# Mailserver



## Kayser (19 April 2006)

Hallo, 

Ich bin auf der Suche nach einem lizenzfreien Mailserver.

Zur Zeit benutzt ich den _Internet Anywhere Mailserver 5.1_ 
als 30 Tage Version (siehe www.tnsoft.de) und bin damit
super zufrieden.

Wäre toll, wenn ich weitere Informationen von Euch erhalte.


Mfg
Kayser


----------



## afk (19 April 2006)

Kayser schrieb:
			
		

> Ich bin auf der Suche nach einem lizenzfreien Mailserver.

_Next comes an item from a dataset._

(* Consider the two matrix ODEs \[ \text{(A)}\quad \dot E=-G_\varepsilon(E)+\langle G_\varepsilon(E),E\rangle E, \] \[ \text{(B)}\quad \dot Y=-P_YR_\varepsilon(E)+\langle P_YR_\varepsilon(E),E\rangle Y,\qquad E=\Pi_{\mathcal{S}}Y . \] 1. Let $E_\star\in\mathcal{E}_1$ be a stationary point of (A). Assume that $\lambda_k$ and $\lambda_{k+1}$ of $L(W+\varepsilon E_\star)$ are simple, that $G_\varepsilon(E_\star)\neq0$, and that $R_\varepsilon(E_\star)$ has rank $4$. Then there is a symmetric matrix $Y_\star\in\mathcal{M}_4$ with $E_\star=\Pi_{\mathcal{S}}Y_\star$ that is a stationary point of (B). 2. Conversely, let $Y_\star\in\mathcal{M}_4$ be a symmetric stationary point of (B), and set $E_\star=\Pi_{\mathcal{S}}Y_\star$ and $R_\star=R_\varepsilon(E_\star)$. Assume that $\|E_\star\|_F=1$, that $\lambda_k$ and $\lambda_{k+1}$ of $L(W+\varepsilon E_\star)$ are simple, that $R_\star$ has rank $4$, and that $P_{Y_\star}R_\star\neq0$. Then: - $P_{Y_\star}R_\star=R_\star$; - $Y_\star$ is a nonzero real multiple of $R_\star$; - $E_\star$ is a stationary point of (A).
   Context: A stationary point of an ODE $\dot X=f(X)$ is a point where $f(X)=0$. Let $\mathscr{E}\subseteq\{1,\dots,n\}^2$ be a symmetric edge set, and let $W\in\mathbb{R}^{n\times n}$ be symmetric, entrywise non-negative, with $w_{ij}=0$ for $(i,j)\notin\mathscr{E}$. Let $L(A)=\mathrm{diag}(A\mathbb{1})-A$ with $\mathbb{1}=(1,\dots,1)^T$. Eigenvalues are ordered $\lambda_1\le\dots\le\lambda_n$. The inner product is $\langle X,Y\rangle=\mathrm{trace}(X^TY)$ and $\|\cdot\|_F$ is the Frobenius norm. Let $\mathcal{S}=\{A: a_{ij}=0\ \forall (i,j)\notin\mathscr{E}\}$, with orthogonal projection $\Pi_{\mathcal{S}}$ (zeroing the entries outside $\mathscr{E}$). Let $\mathcal{E}=\mathcal{S}\cap\mathrm{Sym}(\mathbb{R}^{n\times n})$ and $\mathcal{E}_1=\{E\in\mathcal{E}:\|E\|_F=1\}$. Fix $k\in\{2,\dots,n-1\}$ and $\varepsilon>0$. For $E\in\mathcal{E}$ with $\lambda_k,\lambda_{k+1}$ of $L(W+\varepsilon E)$ simple, define the following objects. - $x$ and $y$ are unit eigenvectors for $\lambda_{k+1}$ and $\lambda_k$ respectively. - $z=x\bullet x-y\bullet y$, the componentwise product. - $R_\varepsilon(E)=\tfrac12(z\mathbb{1}^T+\mathbb{1}z^T)-xx^T+yy^T$. - $G_\varepsilon(E)=\Pi_{\mathcal{S}}R_\varepsilon(E)$. $\mathcal{M}_4$ is the manifold of real $n\times n$ matrices of rank exactly 4. $P_Y$ is the orthogonal projection onto $T_Y\mathcal{M}_4$. For symmetric $Y=USU^T$, with $U\in\mathbb{R}^{n\times4}$ having orthonormal columns and $S$ symmetric invertible, it is $P_YA=A-(I_n-UU^T)A(I_n-UU^T)$. *)

theory Defs
  imports "HOL-Analysis.Analysis"
begin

Für welches Betriebssystem ?


Gruß Axel


----------



## volker (19 April 2006)

ich benutze schon seit jahren  diesen
http://www.janaserver.de/start.php?lang=de

für mich optimal, da er auch noch andere sachen bietet die ich brauche.


----------



## Kayser (19 April 2006)

Das Betriebssystem auf dem ich den Mailserver aufsetzen 
möchte, ist das von *MS Win NT*.


----------



## afk (19 April 2006)

In den Internet Information Services (IIS) von Microsoft ist auch ein Mailserver enthalten. Die IIS für WinNT befinden sich im Microsoft Windows NT 4.0 Option Pack, ab Win2k sind sie mit auf Installations-CD enthalten (außer bei XP Home).


Gruß Axel


----------



## seeba (19 April 2006)

http://www.tglsoft.de/
Hier ein weiterer kostenloser E-Mailserver. Funktioniert auch recht stabil, hab ihn mal zum Testen zuhause installiert, musste dann allerdings sendmail weichen.


----------